Bill that could address Twin Lakes equalized assessed value error passes committee

Samantha Kerkman

A bill that would address an error in Twin Lakes equalized assessed value has passed an Assembly committee.

The Assembly Ways and Means Committee passed AB 273 Thursday,clearing the way for action by the full Assembly when the legislature reconvenes later this month for its fall floor period.

The bill, authored by state Rep. Samantha Kerkman, seeks to address an error in Twin Lake’s equalized value by modifying a loan program currently in place.

“When local officials alerted me to the error, I knew we needed to act as quickly as possible,” said Kerkman, “Even under ordinary circumstances, property tax increases are hard to swallow. Receiving a tax bill that includes a significant increase as the result of an error would be a bitter pill to swallow.”

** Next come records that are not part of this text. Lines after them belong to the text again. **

lemma K_le_shift_down:
  assumes "block_family n R" "R \<noteq> {}" "valid_placement R \<kappa>"
    and after: "\<forall>x\<in>\<Union>R. (Suc d, j) \<le> pos \<kappa> x"
  shows "d + K j R \<le> segments_used R \<kappa>"
proof -
  have R: "finite (\<Union>R)" "\<Union>R \<noteq> {}" "{} \<notin> R"
    using assms(1,2) block_family_finite(1) block_family_Union_empty_iff
    unfolding block_family_def by auto
  let ?\<kappa> = "\<lambda>x. \<kappa> x - d"
  have after': "d < \<kappa> x" "(1, j) \<le> pos ?\<kappa> x" if "x \<in> \<Union>R" for x
  proof -
    have "(Suc d, j) \<le> (\<kappa> x, x)" using after that unfolding pos_def by blast
    then show "d < \<kappa> x" "(1, j) \<le> pos ?\<kappa> x" by (auto simp: pos_def)
  qed
  have "placement_from j R ?\<kappa>"
    unfolding placement_from_def
  proof
    show "valid_placement R ?\<kappa>"
    proof (rule valid_placement_transfer[OF R(1,3) \<open>valid_placement R \<kappa>\<close>])
      show "\<forall>x\<in>\<Union>R. 1 \<le> ?\<kappa> x" using after'(1) by fastforce
      show "pos \<kappa> a < pos \<kappa> b" if "a \<in> \<Union>R" "b \<in> \<Union>R" "pos ?\<kappa> a < pos ?\<kappa> b" for a b
        using that after'(1)[of a] after'(1)[of b] by (auto simp: pos_def)
    qed
    show "\<forall>x\<in>\<Union>R. (1, j) \<le> pos ?\<kappa> x" using after'(2) by blast
  qed
  then have "K j R \<le> segments_used R ?\<kappa>" using K_le_segments_used assms(2) by blast
  moreover obtain x where "x \<in> \<Union>R" "segments_used R ?\<kappa> = ?\<kappa> x"
    using segments_used_attained[OF R(1,2)] .
  moreover have "\<kappa> x \<le> segments_used R \<kappa>" using segments_used_ge[OF R(1) \<open>x \<in> \<Union>R\<close>] .
  ultimately show ?thesis using after'(1)[OF \<open>x \<in> \<Union>R\<close>] by linarith
qed

lemma K_le_delta_plus_K:
  assumes S: "block_family n S" and "B \<in> S" and i: "i \<in> {1..n}"
  shows "K i S \<le> delta n i B + K (plus_n1 n (omega i B)) (S - {B})"
proof -
  define w d j R where "w = omega i B" and "d = delta n i B" and "j = plus_n1 n w" and "R = S - {B}"
  have SR: "S = insert B R" "B \<notin> R" using \<open>B \<in> S\<close> unfolding R_def by auto
  have R: "block_family n R" using S block_family_subset unfolding R_def by blast
  have B: "finite B" "B \<noteq> {}" "B \<subseteq> {1..n}"
    using S \<open>B \<in> S\<close> block_family_finite(1)[OF S] unfolding block_family_def by (auto intro: finite_subset)
  have j: "j \<in> {1..n}" using i unfolding j_def by (intro plus_n1_in) simp
  obtain \<kappa> where \<kappa>: "placement_from j R \<kappa>" and \<kappa>_le: "\<forall>x\<in>\<Union>R. \<kappa> x \<le> K j R"
    using placement_from_bounded_by_K[OF R j] .
  define \<kappa>' where "\<kappa>' x = (if x \<in> B then earliest_segment i x else \<kappa> x + d)" for x
  have placed: "placement_from i S \<kappa>'"
    using placement_from_insert_block[of n B R i \<kappa>] S SR i \<kappa>
    unfolding \<kappa>'_def d_def j_def w_def by simp
  have w_le: "earliest_segment i w \<le> d + K j R"
  proof (cases "R = {}")
    case True
    then show ?thesis using delta_plus_K_empty[OF B i] unfolding w_def d_def j_def by simp
  next
    case False
    have "earliest_segment i w \<le> Suc d"
      using next_pos_omega[OF B i] unfolding w_def d_def pos_def by (auto split: if_splits)
    then show ?thesis using K_ge_1[OF R False j] by simp
  qed
  have "\<kappa>' x \<le> d + K j R" if "x \<in> \<Union>S" for x
  proof (cases "x \<in> B")
    case True
    then have "earliest_segment i x \<le> earliest_segment i w"
      using pos_earliest_segment_le_omega[OF B(1) True, of i] unfolding w_def pos_def by auto
    then show ?thesis using True w_le unfolding \<kappa>'_def by simp
  next
    case False
    then show ?thesis using that \<kappa>_le SR unfolding \<kappa>'_def by auto
  qed
  then have "segments_used S \<kappa>' \<le> d + K j R"
    using SR B(2) block_family_finite(1)[OF S] unfolding segments_used_def by (auto intro: Max.boundedI)
  then show ?thesis
    using K_le_segments_used[OF _ placed] \<open>B \<in> S\<close> unfolding R_def d_def j_def w_def by fastforce
qed

lemma delta_plus_K_le_segments_used:
  assumes S: "block_family n S" "S \<noteq> {}" and i: "i \<in> {1..n}" and \<kappa>: "placement_from i S \<kappa>"
  obtains B where "B \<in> S" "delta n i B + K (plus_n1 n (omega i B)) (S - {B}) \<le> segments_used S \<kappa>"
proof -
  have fin: "finite (\<Union>S)" and "{} \<notin> S" "disjoint S"
    using block_family_finite(1)[OF S(1)] S(1) unfolding block_family_def by auto
  have valid: "valid_placement S \<kappa>" using \<kappa> unfolding placement_from_def by blast
  obtain B where B_S: "B \<in> S"
    and first: "\<And>b x. b \<in> B \<Longrightarrow> x \<in> \<Union>(S - {B}) \<Longrightarrow> pos \<kappa> b < pos \<kappa> x"
    using valid_placement_first_block[OF fin \<open>{} \<notin> S\<close> S(2) \<open>disjoint S\<close> valid] by blast
  define w d j R where "w = omega i B" and "d = delta n i B" and "j = plus_n1 n w" and "R = S - {B}"
  have B: "finite B" "B \<noteq> {}" "B \<subseteq> {1..n}"
    using S B_S fin unfolding block_family_def by (auto intro: finite_subset)
  have w: "w \<in> B" using omega_in_and_less(1)[OF B(1,2)] unfolding w_def .
  have w_le: "earliest_segment i w \<le> \<kappa> w"
    using \<kappa> w B_S unfolding placement_from_def start_le_pos_iff[symmetric] by blast
  have after: "\<forall>x\<in>\<Union>R. (Suc d, j) \<le> pos \<kappa> x"
  proof
    fix x assume x: "x \<in> \<Union>R"
    have "x \<in> {1..n}" using x S(1) unfolding R_def block_family_def by blast
    have "pos (earliest_segment i) w \<le> pos \<kappa> w" using w_le by (auto simp: pos_def)
    also have "\<dots> < pos \<kappa> x" using first[OF w] x unfolding R_def .
    finally have "pos (earliest_segment i) w < (\<kappa> x, x)" unfolding pos_def .
    from omega_pos_less_iff[OF B i \<open>x \<in> {1..n}\<close>, THEN iffD1, OF this[unfolded w_def]]
    show "(Suc d, j) \<le> pos \<kappa> x" unfolding w_def d_def j_def pos_def .
  qed
  have "d + K j R \<le> segments_used S \<kappa>"
  proof (cases "R = {}")
    case True
    have "\<kappa> w \<le> segments_used S \<kappa>" using segments_used_ge[OF fin] w B_S by blast
    then show ?thesis using True delta_plus_K_empty[OF B i] w_le unfolding w_def d_def j_def by simp
  next
    case False
    have R: "block_family n R" using block_family_subset S(1) unfolding R_def by blast
    have "valid_placement R \<kappa>" using valid_placement_subset[OF valid] unfolding R_def by blast
    then have "d + K j R \<le> segments_used R \<kappa>" using K_le_shift_down[OF R False _ after] by blast
    also have "\<dots> \<le> segments_used S \<kappa>"
      using segments_used_mono[OF fin] block_family_Union_empty_iff[OF R] False unfolding R_def by blast
    finally show ?thesis .
  qed
  then show thesis using that[OF B_S] unfolding R_def d_def j_def w_def by simp
qed

theorem mainTheorem2:
  fixes n t :: nat and Bs Bs' :: "nat set set" and i :: nat
  assumes "n \<ge> 1" and "t \<ge> 1"
    and "partition_on {1..n} Bs" and "card Bs = t"
    and "Bs' \<subseteq> Bs" and "Bs' \<noteq> {}"
    and "i \<in> {1..n}"
  shows "K i Bs' = Min ((\<lambda>B. delta n i B + K (plus_n1 n (omega i B)) (Bs' - {B})) ` Bs')"
proof -
  let ?f = "\<lambda>B. delta n i B + K (plus_n1 n (omega i B)) (Bs' - {B})"
  have S: "block_family n Bs'"
    using assms(3,5) block_family_if_partition_on block_family_subset by blast
  have fin: "finite (?f ` Bs')" "?f ` Bs' \<noteq> {}" using block_family_finite(2)[OF S] assms(6) by auto
  have "K i Bs' \<le> Min (?f ` Bs')"
    using K_le_delta_plus_K[OF S _ assms(7)] fin by (simp add: Min_ge_iff)
  moreover obtain \<kappa> where "placement_from i Bs' \<kappa>" "segments_used Bs' \<kappa> = K i Bs'"
    using K_attained[OF S assms(6,7)] .
  moreover obtain B where "B \<in> Bs'" "?f B \<le> segments_used Bs' \<kappa>"
    using delta_plus_K_le_segments_used[OF S assms(6,7) \<open>placement_from i Bs' \<kappa>\<close>] .
  then have "Min (?f ` Bs') \<le> segments_used Bs' \<kappa>" using fin(1) by (meson Min_le image_eqI order_trans)
  ultimately show ?thesis by simp
qed

end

Currently if an arithmetic or clerical-type error results in a 10 percent or higher increase over the previous year’s equalized value, the Department of Revenue makes a payment to the taxation district and the district then provides loans to individual taxpayers who paid more than they should have because of the error. Rep. Kerkman’s bill holds individual property taxpayers harmless by lowering the overvaluation threshold to 7.5 percent and providing that if property tax bills have not already been sent to property owners, the taxation district uses the DOR payment to offset the property taxes that would have otherwise been erroneously imposed.

Twin Lakes was overvalued by approximately $70 million and would have resulted in an average property tax increase of greater than $200. Local officials reviewing the equalized values published on Aug. 15 spotted the error and contacted DOR immediately, but DOR does not have the statutory authority to simply change a taxation district’s equalized value after the publication date. Instead, the statutory process provides that the DOR adjusts the value in the subsequent year, balancing an artificially high year with an artificially low one.

“In our current economic climate, waiting to adjust the values in 2012 would be particularly unfair to Twin Lakes residents,” said Kerkman. “I appreciate Revenue working with us to find a more palatable solution.”